-- Data to examine follows --
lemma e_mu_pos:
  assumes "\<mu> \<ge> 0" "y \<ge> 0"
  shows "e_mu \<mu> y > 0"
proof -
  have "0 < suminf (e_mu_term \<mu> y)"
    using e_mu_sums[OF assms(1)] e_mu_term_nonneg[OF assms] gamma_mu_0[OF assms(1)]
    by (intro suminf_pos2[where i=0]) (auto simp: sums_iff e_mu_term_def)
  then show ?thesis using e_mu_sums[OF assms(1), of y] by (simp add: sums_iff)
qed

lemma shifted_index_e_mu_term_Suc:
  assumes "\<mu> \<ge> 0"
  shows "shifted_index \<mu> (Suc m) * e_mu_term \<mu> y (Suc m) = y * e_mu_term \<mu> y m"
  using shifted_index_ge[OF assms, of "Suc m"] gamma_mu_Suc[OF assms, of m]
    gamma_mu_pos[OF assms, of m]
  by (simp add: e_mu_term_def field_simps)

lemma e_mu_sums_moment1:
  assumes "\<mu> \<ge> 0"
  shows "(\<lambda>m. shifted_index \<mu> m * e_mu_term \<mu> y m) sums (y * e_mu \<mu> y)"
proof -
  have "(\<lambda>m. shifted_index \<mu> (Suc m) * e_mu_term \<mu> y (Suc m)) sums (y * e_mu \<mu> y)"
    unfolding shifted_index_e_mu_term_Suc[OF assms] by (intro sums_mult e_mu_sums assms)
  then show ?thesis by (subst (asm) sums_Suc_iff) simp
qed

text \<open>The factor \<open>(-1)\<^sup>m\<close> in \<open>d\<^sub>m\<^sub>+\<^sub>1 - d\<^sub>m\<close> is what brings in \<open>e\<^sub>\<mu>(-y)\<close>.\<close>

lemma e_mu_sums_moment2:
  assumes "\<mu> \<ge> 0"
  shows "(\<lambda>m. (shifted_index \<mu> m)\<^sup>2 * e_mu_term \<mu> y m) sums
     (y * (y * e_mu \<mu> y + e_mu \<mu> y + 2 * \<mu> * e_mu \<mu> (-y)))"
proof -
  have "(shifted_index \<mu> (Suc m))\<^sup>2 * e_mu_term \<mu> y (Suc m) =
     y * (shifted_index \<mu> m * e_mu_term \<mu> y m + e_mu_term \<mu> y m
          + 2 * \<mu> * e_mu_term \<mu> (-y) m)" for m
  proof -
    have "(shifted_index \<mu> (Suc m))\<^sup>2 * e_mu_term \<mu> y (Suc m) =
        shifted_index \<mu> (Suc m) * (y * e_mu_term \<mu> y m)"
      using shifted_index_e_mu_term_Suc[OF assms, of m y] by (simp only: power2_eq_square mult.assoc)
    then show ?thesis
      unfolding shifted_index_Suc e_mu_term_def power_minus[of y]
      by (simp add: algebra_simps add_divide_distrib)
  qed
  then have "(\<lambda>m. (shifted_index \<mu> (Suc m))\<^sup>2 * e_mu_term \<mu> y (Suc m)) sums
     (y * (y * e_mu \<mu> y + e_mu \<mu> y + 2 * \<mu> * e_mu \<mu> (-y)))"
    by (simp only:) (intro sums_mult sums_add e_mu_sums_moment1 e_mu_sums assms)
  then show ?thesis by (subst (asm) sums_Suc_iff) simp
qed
-- Data to examine concluded --
* **Work instructions**
Tally the lines of the records holding the word "lambda", then give only the resulting number.

* **Answer section**
4